Received: 16/01/2022
Accepted : 14/03/2022
In Press: 05/04/2022
Published: 20/12/2022

Abstract

OBJECTIVES:
To investigate the clinical characteristics and relevant factors of secondary immune thrombocytopenia (ITP) in patients with primary Sjögren’s syndrome (pSS).
METHODS:
Patients with pSS being treated between 2013 and 2020 in China-Japan Friendship Hospital were retrospectively analysed.

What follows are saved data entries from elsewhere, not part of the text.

lemma clustered_perms_filter_if_card_below_le1:
  assumes "card {z \<in> T. z < c} \<le> 1"
  shows "{zs \<in> clustered_perms T. clustered_below c zs \<and> P zs} = {zs \<in> clustered_perms T. P zs}"
proof -
  have "clustered_below c zs" if "zs \<in> clustered_perms T" for zs
    using that assms by (intro clustered_below_if_card_le1) (auto simp: clustered_perms_def)
  then show ?thesis
    by blast
qed

lemma card_clustered_perms_filter_if_card_below_ge3:
  assumes "3 \<le> card {z \<in> T. z < c}"
  shows "card {zs \<in> clustered_perms T. clustered_below c zs \<and> P zs} = 0"
proof -
  have "\<not> clustered_below c zs" if "zs \<in> clustered_perms T" for zs
    using that assms by (intro not_clustered_below_if_card_ge3) (auto simp: clustered_perms_def)
  then have "{zs \<in> clustered_perms T. clustered_below c zs \<and> P zs} = {}"
    by blast
  then show ?thesis
    by (simp only: card.empty)
qed

lemma clustered_perms_filter_Cons_ge:
  assumes "x \<le> y" "\<forall>z\<in>T. z < x \<longleftrightarrow> z < y"
  shows "{zs \<in> clustered_perms T. clustered_below y zs \<and> clustered_below x (y # zs)} =
    {zs \<in> clustered_perms T. clustered_below y zs}"
proof -
  have "clustered_below x (y # zs) \<longleftrightarrow> clustered_below y zs" if "zs \<in> clustered_perms T" for zs
  proof -
    have "\<forall>z\<in>set zs. z < x \<longleftrightarrow> z < y"
      using that assms(2) by (auto simp: clustered_perms_def)
    then show ?thesis
      using leD[OF assms(1)] clustered_below_cong[of zs x y] by simp
  qed
  then show ?thesis
    by blast
qed

lemma bij_betw_rank:
  fixes S :: "'a::linorder set"
  assumes "finite S"
  shows "bij_betw (\<lambda>x. card {y \<in> S. y < x}) S {..<card S}"
proof -
  let ?rank = "\<lambda>x. card {y \<in> S. y < x}"
  have "strict_mono_on S ?rank"
    using assms by (intro strict_mono_onI psubset_card_mono) auto
  then have inj: "inj_on ?rank S"
    by (rule strict_mono_on_imp_inj_on)
  have "?rank ` S \<subseteq> {..<card S}"
    using assms by (auto intro!: psubset_card_mono)
  moreover have "card (?rank ` S) = card S"
    using inj by (rule card_image)
  ultimately have "?rank ` S = {..<card S}"
    by (intro card_subset_eq) auto
  then show ?thesis
    using inj by (simp add: bij_betw_def)
qed

lemma sum_over_rank:
  fixes S :: "'a::linorder set"
  assumes "finite S"
  shows "(\<Sum>x\<in>S. g (card {y \<in> S. y < x})) = (\<Sum>r<card S. g r)"
  using sum.reindex_bij_betw[OF bij_betw_rank[OF assms]] .

lemma less_if_card_below_less:
  fixes S :: "'a::linorder set"
  assumes "finite S" "card {z \<in> S. z < y} < card {z \<in> S. z < x}"
  shows "y < x"
proof (rule ccontr)
  assume "\<not> y < x"
  then have "{z \<in> S. z < x} \<subseteq> {z \<in> S. z < y}"
    by (auto simp: not_less intro: less_le_trans)
  then have "card {z \<in> S. z < x} \<le> card {z \<in> S. z < y}"
    using assms(1) by (intro card_mono) auto
  then show False
    using assms(2) by simp
qed

lemma below_eq_if_card_below_eq:
  fixes S :: "'a::linorder set"
  assumes "finite S" "y \<in> S" "card {z \<in> S. z < y} = card {z \<in> S. z < x}"
  shows "x \<le> y" and "{z \<in> S. z < y} = {z \<in> S. z < x}"
proof -
  show "x \<le> y"
  proof (rule ccontr)
    assume "\<not> x \<le> y"
    then have "{z \<in> S. z < y} \<subseteq> {z \<in> S. z < x}"
      by (auto simp: not_le intro: less_trans)
    moreover have "y \<in> {z \<in> S. z < x}" "y \<notin> {z \<in> S. z < y}"
      using assms(2) \<open>\<not> x \<le> y\<close> by (simp_all add: not_le)
    ultimately have "{z \<in> S. z < y} \<subset> {z \<in> S. z < x}"
      by blast
    then have "card {z \<in> S. z < y} < card {z \<in> S. z < x}"
      using assms(1) by (intro psubset_card_mono) auto
    then show False
      using assms(3) by simp
  qed
  then have "{z \<in> S. z < x} \<subseteq> {z \<in> S. z < y}"
    by (auto intro: less_le_trans)
  then show "{z \<in> S. z < y} = {z \<in> S. z < x}"
    using assms(1,3) by (intro card_subset_eq[symmetric]) auto
qed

Clinical characteristics were compared between pSS patients with and without secondary ITP. Logistic regression analysis was performed to identify factors associated with secondary ITP in patients with pSS.
RESULTS:
639 patients with pSS were included in this study, among which 566 (88.6%) were women. The prevalence of secondary ITP in patients with pSS were 12.4%. Among pSS patients with secondary ITP, 55.7% had mucocutaneous bleeding and 8.9% experienced visceral bleeding. Lymphopenia (OR=3.154, 95% CI 1.185-8.395, p=0.021), anaemia (OR=2.416, 95% CI 1.250-4.668, p=0.009), low C4 (OR=2.904, 95% CI 1.563-5.394, p=0.001), and positive anti-RNP (OR=2.777, 95% CI 1.070-7.202, p=0.036) were significantly related to secondary ITP, while interstitial lung disease (ILD, OR=0.429, 95% CI 0.203-0.907, p=0.027), ANA ≥1:320 (OR=0.469, 95% CI 0.221-0.996, p=0.049) and positive anti-SSB (OR=0.288, 95% CI 0.126-0.685, p=0.003) were negatively associated with secondary ITP in patients with pSS.
CONCLUSIONS:
Over 10% of patients with pSS had secondary ITP, among whom visceral bleeding was comparatively rare. Lymphopenia and anaemia were positively related to secondary ITP, while ILD was negatively associated with secondary ITP. Low C4 and positive anti-RNP seem to be two potential risk factors for secondary ITP in patients with pSS, while ANA ≥1:320 and positive anti-SSB may be two potential protective factors.